Meanwhile, at a holiday party, the chair of the Preservation Committee, a founder of the association and a walking repository of neighborhood history sat with my husband making small talk. I was very happy that I would be interviewing him the next day to capture his wealth of information on film. One minute he was chatting and the next he was on the floor, dying of a heart attack.

Fast forward through 3 months of frantic, feather-flying wing building.

I arrived at the theater the afternoon of the showing exhausted and starved. As of one slim day earlier, I had a film in the can. Ticket sales had been brisk so I was relieved that I would not look the total fool.
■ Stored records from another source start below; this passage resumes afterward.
lemma in_RV_of_E_if_surj:
  assumes "surj f"
  shows "in_RV E_carrier E_op UNIV f"
proof -
  define I :: "((int + nat) + 'a) set" where "I = range Inr"
  define \<phi> where "\<phi> a = restrict (\<lambda>i. E_proj f (projr i) a) I" for a
  have hom: "pow_op I E_op (\<phi> a) = \<phi> (f a)" for a
    by (simp add: pow_op_def \<phi>_def fun_eq_iff E_proj_hom)
  have into: "\<phi> a \<in> pow_carrier I E_carrier" for a
    by (simp add: pow_carrier_def \<phi>_def E_proj_in_E_carrier)
  show ?thesis
  proof (rule in_RVI)
    show "mu_hom UNIV f (pow_carrier I E_carrier) (pow_op I E_op) \<phi>"
      using hom into by (simp add: mu_hom_def image_subset_iff)
    show "inj \<phi>"
    proof (rule injI)
      fix a a' assume "\<phi> a = \<phi> a'"
      then have "\<phi> a (Inr a) = \<phi> a' (Inr a)" by simp
      then have "E_proj f a a' = E_proj f a a" by (simp add: \<phi>_def I_def)
      then have "E_proj f a a' = Inr 1" using E_proj_below[of 0 a a] by simp
      then show "a = a'" by (rule E_proj_eq_Inr_1_imp_eq[symmetric])
    qed
    define i where "i = (Inr undefined :: (int + nat) + 'a)"
    show "mu_retract (pow_carrier I E_carrier) (pow_op I E_op) (range \<phi>)"
    proof (rule retract_of_onto_subalgebra[where z = "\<lambda>k. \<phi> (bi_orbit f undefined k)"
          and lam = "\<lambda>u. E_height (u i)"])
      show "range \<phi> \<subseteq> pow_carrier I E_carrier" using into by auto
      show "pow_op I E_op ` range \<phi> \<subseteq> range \<phi>" using hom by auto
      show "\<forall>b\<in>range \<phi>. \<exists>c\<in>range \<phi>. pow_op I E_op c = b"
        using hom surj_f_inv_f[OF assms] by (metis rangeE rangeI)
      show "range (\<lambda>k. \<phi> (bi_orbit f undefined k)) \<subseteq> range \<phi>" by auto
      show "pow_op I E_op (\<phi> (bi_orbit f undefined k)) = \<phi> (bi_orbit f undefined (k + 1))" for k
        by (simp add: hom f_bi_orbit[OF assms])
      show "E_height (pow_op I E_op u i) = E_height (u i) + 1" if "u \<in> pow_carrier I E_carrier" for u
      proof -
        have "i \<in> I" by (simp add: I_def i_def)
        with that have "u i \<in> E_carrier" by (auto simp: pow_carrier_def)
        with \<open>i \<in> I\<close> show ?thesis by (simp add: pow_op_def E_height_E_op)
      qed
    qed
  qed
qed

end

theorem lemma4p1:
  fixes f :: "'a \<Rightarrow> 'a"
  assumes "connected_alg UNIV f"
    and "\<not> has_cycle UNIV f"
    and "\<not> mu_iso (UNIV :: 'a set) f (UNIV :: int set) Z_op"
    and "inf_part UNIV f = UNIV"
  shows "same_RV (UNIV :: 'a set) f E_carrier E_op"
proof -
  interpret connected_acyclic f using assms(1,2) by unfold_locales
  have "surj f" using assms(4) by (rule inf_part_UNIV_imp_surj)
  moreover have "\<not> inj f" using iso_Z_if_inj[OF \<open>surj f\<close>] assms(3) by blast
  ultimately show ?thesis unfolding same_RV_def using E_in_RV_if_not_inj in_RV_of_E_if_surj by blast
qed

end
As attendees began arriving, I ducked into the ladies’ room to eat my one meal of the day and dress. I called my mother to let her know that all was well, tossed down some food, washed my face and changed my clothes.

One of the main characters in the film was a woman who had been born in the neighborhood in 1926 and lived there her whole life. Perceptive and articulate she wove tales of the early years. One tale was a childhood story that we titled, The Balloon Factory. Our neighborhood was bordered by a river surrounded by woods- the perfect place for young lovers. She and her little friends had found condoms there and brought them home, thinking that they were balloons. They had filled them with water and pinned them on the garage door for a game of water dart when her mother came out of the house to investigate.


It was at this point I happened to emerge from the ladies to hear 1,500 throats truly roaring at her hilarious story.  It was the single most thrilling moment of my entire life.

Here’s my take on jumping off cliffs. JUST DO IT! You’ll build those wings and have a blast doing it!

P.S. Bradbury doesn’t mention that it requires a team to build your wings.  I am ever thankful for the friends I had who brought their own feathers, determination and hard work to each of my endeavors- our endeavors.  Thank you one more time!